Note: All projects are automatically saved. You can return at any time to make edits or revisions without starting over.
Figma is a capable tool, but capability alone doesn’t make it the best option for Play Store screenshots.
If you already use Figma for UI design, have decent design skills, and only need screenshots occasionally, Figma is worth giving a shot. It gives you complete creative control and keeps everything in one place, which works well for early-stage apps or one-time app launches.
That said, Figma’s weaknesses become apparent the moment screenshots become a repetitive task. Frequent UI updates, localization, multiple versions, and ongoing ASO work make screenshot creation a time-intensive maintenance task.
The real cost of Figma isn’t money spent. It’s time, attention, and dependency on design expertise.
If Play Store optimization is part of your growth strategy and you value speed, consistency, and scalability, a purpose-built tool like AppLaunchpad is simply a better long-term fit.
Figma is the right choice if you already use it daily for UI design, create screenshots once in a while, and are comfortable handling layout, sizing, and exports manually.
AppLaunchpad makes more sense if screenshots are a part of your growth or ASO strategy, you update them often, plan to localize in multiple languages, or want professional results without relying on design skills.
Figma is a general-purpose design tool that offers flexibility but no guidance specific to the Play Store. AppLaunchpad is explicitly built for Play Store screenshots and handles sizing, structure, and consistency for you. With Figma, quality depends on discipline, design skills, and time; with AppLaunchpad, it’s all in the workflow.
Yes, but only if you set everything manually.
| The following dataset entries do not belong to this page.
(* For all $n\ge10$ and any 2-wise independent distribution $\mathcal{P}$ over $\mathbb{F}_2[X_1,\dots,X_n]$, $$\mathbb{E}_{p\sim\mathcal{P}}\big[|\hat W^p(\mathbf{0})|^2\big]=\tfrac12,\qquad \mathbb{E}_{p\sim\mathcal{P}}\big[|\hat W^p(\mathbf{e})|^2\big]\le2^{-n/2}\ \text{ for all }\mathbf{e}\in\mathbb{F}_{2^n}\setminus\{\mathbf{0}\}.$$
   Context: Elements of $\mathbb{F}_{2^n}$ are identified with $\mathbb{F}_2^n$ via a fixed basis, and $\mathrm{Tr}:\mathbb{F}_{2^n}\to\mathbb{F}_2$ is the absolute trace. For a polynomial $p$, let $N_p$ be its number of roots in $\mathbb{F}_2^n$; $W^p(\mathbf{z})=N_p^{-1/2}$ if $p(\mathbf{z})=0$ and $W^p(\mathbf{z})=0$ otherwise (so $W^p\equiv0$ if $N_p=0$); $\hat W^p(\mathbf{e})=2^{-n/2}\sum_{\mathbf{z}\in\mathbb{F}_{2^n}}W^p(\mathbf{z})(-1)^{\mathrm{Tr}(\mathbf{e}\mathbf{z})}$. A distribution $\mathcal{P}$ is 2-wise independent if for all distinct $\mathbf{x}_1,\mathbf{x}_2\in\mathbb{F}_2^n$ and $a_1,a_2\in\mathbb{F}_2$, $\Pr_{p\sim\mathcal{P}}[p(\mathbf{x}_1)=a_1\wedge p(\mathbf{x}_2)=a_2]=\tfrac14$. *)

theory Defs
  imports "HOL-Probability.Probability" "HOL-Library.Poly_Mapping" "HOL-Library.Z2"
begin

text \<open>Multivariate polynomials over F_2 in the standard sparse representation:
  a monomial is a finitely supported exponent vector (variable index => exponent),
  a polynomial is a finitely supported map from monomials to coefficients in F_2 (type bit).
  Variables X_1..X_n are indexed 0..n-1.\<close>
type_synonym mpoly2 = "(nat \<Rightarrow>\<^sub>0 nat) \<Rightarrow>\<^sub>0 bit"

definition vars2 :: "mpoly2 \<Rightarrow> nat set" where
  "vars2 p = (\<Union>m\<in>Poly_Mapping.keys p. Poly_Mapping.keys m)"

definition eval2 :: "mpoly2 \<Rightarrow> (nat \<Rightarrow> bit) \<Rightarrow> bit" where
  "eval2 p x = (\<Sum>m\<in>Poly_Mapping.keys p.
      Poly_Mapping.lookup p m * (\<Prod>i\<in>Poly_Mapping.keys m. x i ^ Poly_Mapping.lookup m i))"

definition F2vec :: "nat \<Rightarrow> (nat \<Rightarrow> bit) set" where
  "F2vec n = {x. \<forall>i\<ge>n. x i = 0}"

text \<open>Identification F_2^n -> F_{2^n} via a basis b_0,...,b_{n-1}.\<close>
definition emb :: "nat \<Rightarrow> (nat \<Rightarrow> 'f::field) \<Rightarrow> (nat \<Rightarrow> bit) \<Rightarrow> 'f" where
  "emb n b x = (\<Sum>i<n. (if x i = 1 then b i else 0))"

text \<open>Absolute trace of F_{2^n} over F_2 (its value lies in the prime field {0,1}).\<close>
definition trace2 :: "nat \<Rightarrow> 'f::field \<Rightarrow> 'f" where
  "trace2 n y = (\<Sum>i<n. y ^ (2 ^ i))"

definition chi :: "nat \<Rightarrow> 'f::field \<Rightarrow> real" where
  "chi n y = (if trace2 n y = 0 then 1 else -1)"

definition Nroots :: "nat \<Rightarrow> mpoly2 \<Rightarrow> nat" where
  "Nroots n p = card {x \<in> F2vec n. eval2 p x = 0}"

text \<open>W^p(z) for z = emb x.\<close>
definition W :: "nat \<Rightarrow> mpoly2 \<Rightarrow> (nat \<Rightarrow> bit) \<Rightarrow> real" where
  "W n p x = (if eval2 p x = 0 then 1 / sqrt (real (Nroots n p)) else 0)"

text \<open>hat W^p(e) = 2^{-n/2} * sum over z in F_{2^n} of W^p(z) (-1)^{Tr(e z)};
  the sum over z is taken via the bijection emb from F_2^n.\<close>
definition What :: "nat \<Rightarrow> (nat \<Rightarrow> 'f::field) \<Rightarrow> mpoly2 \<Rightarrow> 'f \<Rightarrow> real" where
  "What n b p e = 2 powr (- real n / 2) *
     (\<Sum>x\<in>F2vec n. W n p x * chi n (e * emb n b x))"

definition two_wise_independent :: "nat \<Rightarrow> mpoly2 pmf \<Rightarrow> bool" where
  "two_wise_independent n P \<longleftrightarrow>
     (\<forall>x1\<in>F2vec n. \<forall>x2\<in>F2vec n. \<forall>a1 a2 :: bit. x1 \<noteq> x2 \<longrightarrow>
        measure_pmf.prob P {p. eval2 p x1 = a1 \<and> eval2 p x2 = a2} = 1/4)"

end
lemma conv_pow_Suc_eq_sum:
  assumes f: "\<forall>z\<le>0. f z = 0"
  shows "conv_pow f (Suc j) z = (\<Sum>y\<in>{0..z}. f (z - y) * conv_pow f j y)"
proof -
  have "f (z - y) * conv_pow f j y = 0" if "y \<notin> {0..z}" for y
    using that f conv_pow_eq_0_below[OF f, where y=y and j=j] by auto
  then have "(\<Sum>\<^sub>\<infinity>y. f (z - y) * conv_pow f j y) = (\<Sum>\<^sub>\<infinity>y\<in>{0..z}. f (z - y) * conv_pow f j y)"
    by (intro infsum_cong_neutral) auto
  then show ?thesis by simp
qed

lemma gam_eq_sum_conv_pow:
  assumes f: "\<forall>z\<le>0. f z = 0" and "z \<le> int N"
  shows "gam f z = (\<Sum>j\<le>N. conv_pow f j z)"
proof (cases "z < 0")
  case True
  then show ?thesis by (simp add: gam_def conv_pow_eq_0_below[OF f])
next
  case False
  with assms(2) have "(\<Sum>j\<le>N. conv_pow f j z) = (\<Sum>j\<in>{0..nat z}. conv_pow f j z)"
    by (intro sum.mono_neutral_right) (auto intro!: conv_pow_eq_0_below[OF f])
  with False show ?thesis by (simp add: gam_def)
qed

lemma gam_Neumann:
  assumes f: "\<forall>z\<le>0. f z = 0" and "w \<ge> 0"
  shows "gam f w = (if w = 0 then 1 else 0) + (\<Sum>z\<in>{0..w}. f (w - z) * gam f z)"
proof -
  define N where "N = nat w"
  have "(\<Sum>z\<in>{0..w}. f (w - z) * gam f z) = (\<Sum>z\<in>{0..w}. f (w - z) * (\<Sum>j\<le>N. conv_pow f j z))"
    by (intro sum.cong refl) (simp add: N_def gam_eq_sum_conv_pow[OF f])
  also have "\<dots> = (\<Sum>j\<le>N. conv_pow f (Suc j) w)"
    by (simp del: conv_pow.simps add: conv_pow_Suc_eq_sum[OF f] sum_distrib_left sum.swap[of _ "{0..w}"])
  also have "\<dots> = (\<Sum>j\<le>Suc N. conv_pow f j w) - conv_pow f 0 w"
    by (simp only: sum.atMost_Suc_shift) simp
  also have "\<dots> = gam f w - conv_pow f 0 w"
    using assms(2) gam_eq_sum_conv_pow[OF f, where z=w and N="Suc N"] by (simp add: N_def)
  finally show ?thesis by simp
qed

lemma uddot_eq_0_nonpos:
  assumes "\<forall>z<0. u z = 0" and "u 0 \<noteq> 0"
  shows "\<forall>z\<le>0. uddot u z = 0"
  using assms by (auto simp: uddot_def order.order_iff_strict)

lemma infsum_convolution_gam_uddot:
  assumes u_neg: "\<forall>z<0. u z = 0" and u0: "u 0 \<noteq> 0"
  shows "(\<Sum>\<^sub>\<infinity>z. u (w - z) * gam (uddot u) z) = (if w = 0 then u 0 else 0)"
proof -
  let ?f = "uddot u"
  have "u (w - z) * gam ?f z = 0" if "z \<notin> {0..w}" for z
    using that u_neg by (auto simp: gam_def)
  then have "(\<Sum>\<^sub>\<infinity>z. u (w - z) * gam ?f z) = (\<Sum>z\<in>{0..w}. u (w - z) * gam ?f z)"
    by (subst infsum_cong_neutral[where T="{0..w}"]) auto
  also have "\<dots> = (if w = 0 then u 0 else 0)"
  proof (cases "w < 0")
    case False
    have u_eq: "u x = u 0 * ((if x = 0 then 1 else 0) - ?f x)" for x
      using u0 by (simp add: uddot_def field_simps)
    have delta: "(\<Sum>z\<in>{0..w}. (if w - z = 0 then 1 else 0) * gam ?f z) = gam ?f w"
    proof -
      have "(\<Sum>z\<in>{0..w}. (if w - z = 0 then 1 else 0) * gam ?f z) = (\<Sum>z\<in>{0..w}. if z = w then gam ?f z else 0)"
        by (intro sum.cong) auto
      then show ?thesis
        using False by (simp add: sum.delta')
    qed
    have "(\<Sum>z\<in>{0..w}. u (w - z) * gam ?f z)
        = u 0 * ((\<Sum>z\<in>{0..w}. (if w - z = 0 then 1 else 0) * gam ?f z) - (\<Sum>z\<in>{0..w}. ?f (w - z) * gam ?f z))"
      by (subst u_eq) (simp add: sum_distrib_left algebra_simps sum_subtractf)
    also have "\<dots> = u 0 * (gam ?f w - (\<Sum>z\<in>{0..w}. ?f (w - z) * gam ?f z))"
      by (simp only: delta)
    also have "\<dots> = (if w = 0 then u 0 else 0)"
      using gam_Neumann[OF uddot_eq_0_nonpos[OF u_neg u0], of w] False by simp
    finally show ?thesis .
  qed simp
  finally show ?thesis .
qed

lemma infsum_Rfun_convolution_inverse:
  fixes Q :: "real \<Rightarrow> complex" and u g :: "int \<Rightarrow> complex"
  assumes inverse: "\<And>w. (\<Sum>\<^sub>\<infinity>z. u (w - z) * g z) = (if w = 0 then c else 0)"
    and summable: "(\<lambda>(z, z'). Q (\<xi> - of_int z - of_int z') * u z' * g z) summable_on UNIV"
  shows "(\<Sum>\<^sub>\<infinity>z. Rfun Q u (\<xi> - of_int z) * g z) = c * Q \<xi>"
proof -
  define F where "F = (\<lambda>(z, z'). Q (\<xi> - of_int z - of_int z') * u z' * g z)"
  define G where "G = (\<lambda>(w, z). Q (\<xi> - of_int w) * (u (w - z) * g z))"
  have reindex: "(F has_sum s) UNIV \<longleftrightarrow> (G has_sum s) UNIV" for s
    by (rule has_sum_reindex_bij_witness[where i="\<lambda>(w, z). (z, w - z)" and j="\<lambda>(z, z'). (z + z', z)"])
      (auto simp: F_def G_def algebra_simps)
  have F: "F summable_on UNIV" and G: "G summable_on UNIV"
    using summable reindex by (auto simp: F_def summable_on_def)
  have "(\<Sum>\<^sub>\<infinity>z. Rfun Q u (\<xi> - of_int z) * g z) = (\<Sum>\<^sub>\<infinity>z. \<Sum>\<^sub>\<infinity>z'. F (z, z'))"
    by (simp add: Rfun_def F_def infsum_cmult_left')
  also have "\<dots> = infsum F UNIV"
    using infsum_Sigma'_banach[of "\<lambda>z z'. F (z, z')"] F by simp
  also have "\<dots> = infsum G UNIV"
    using reindex F by (metis has_sum_infsum infsumI)
  also have "\<dots> = (\<Sum>\<^sub>\<infinity>w. \<Sum>\<^sub>\<infinity>z. G (w, z))"
    using infsum_Sigma'_banach[of "\<lambda>w z. G (w, z)"] G by simp
  also have "\<dots> = (\<Sum>\<^sub>\<infinity>w::int. if w = 0 then c * Q \<xi> else 0)"
    by (rule infsum_cong) (simp add: G_def infsum_cmult_right' inverse)
  also have "\<dots> = c * Q \<xi>"
    by (subst infsum_cong_neutral[where T="{0}"]) auto
  finally show ?thesis .
qed

lemma summable_on_Times_dominated:
  fixes F :: "'a \<times> 'b \<Rightarrow> 'c::banach" and a :: "'a \<Rightarrow> real" and b :: "'b \<Rightarrow> real"
  assumes a: "a summable_on A" and b: "b summable_on B"
    and nonneg: "\<And>x. x \<in> A \<Longrightarrow> 0 \<le> a x" "\<And>y. y \<in> B \<Longrightarrow> 0 \<le> b y"
    and bound: "\<And>x y. x \<in> A \<Longrightarrow> y \<in> B \<Longrightarrow> norm (F (x, y)) \<le> a x * b y"
  shows "F summable_on A \<times> B"
proof -
  have "(\<lambda>(x, y). a x * b y) summable_on A \<times> B"
  proof (rule summable_on_SigmaI[where g="\<lambda>x. a x * infsum b B"])
    show "((\<lambda>y. case (x, y) of (x, y) \<Rightarrow> a x * b y) has_sum a x * infsum b B) B" for x
      using has_sum_cmult_right[OF has_sum_infsum[OF b]] by simp
    show "(\<lambda>x. a x * infsum b B) summable_on A"
      using summable_on_cmult_left[OF a] by simp
  qed (use nonneg in auto)
  then have "(\<lambda>p. norm (F p)) summable_on A \<times> B"
    by (rule summable_on_comparison_test) (use bound in auto)
  then show ?thesis
    by (rule abs_summable_summable)
qed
Figma doesn’t explicitly support Play Store resolution or aspect ratio rules, so compatibility depends entirely on whether you create frames correctly, export at the right scale, and verify correct dimensions before upload. There are no built-in checks or warnings in Figma.
You need at least beginner-to-intermediate design expertise. Understanding visual hierarchy, basic typography, screenshot layout, spacing, and contrast is essential. Figma won’t fix poor layout decisions, so screenshot quality varies greatly depending on who’s designing.
Yes. Figma’s free plan is enough to create Play Store screenshots. You can either use the free Figma plan to design yourself or use a free Play Store screenshots template from the Figma community. The free plan is helpful for basic screenshots, but don’t expect trendy designs or the latest device frames.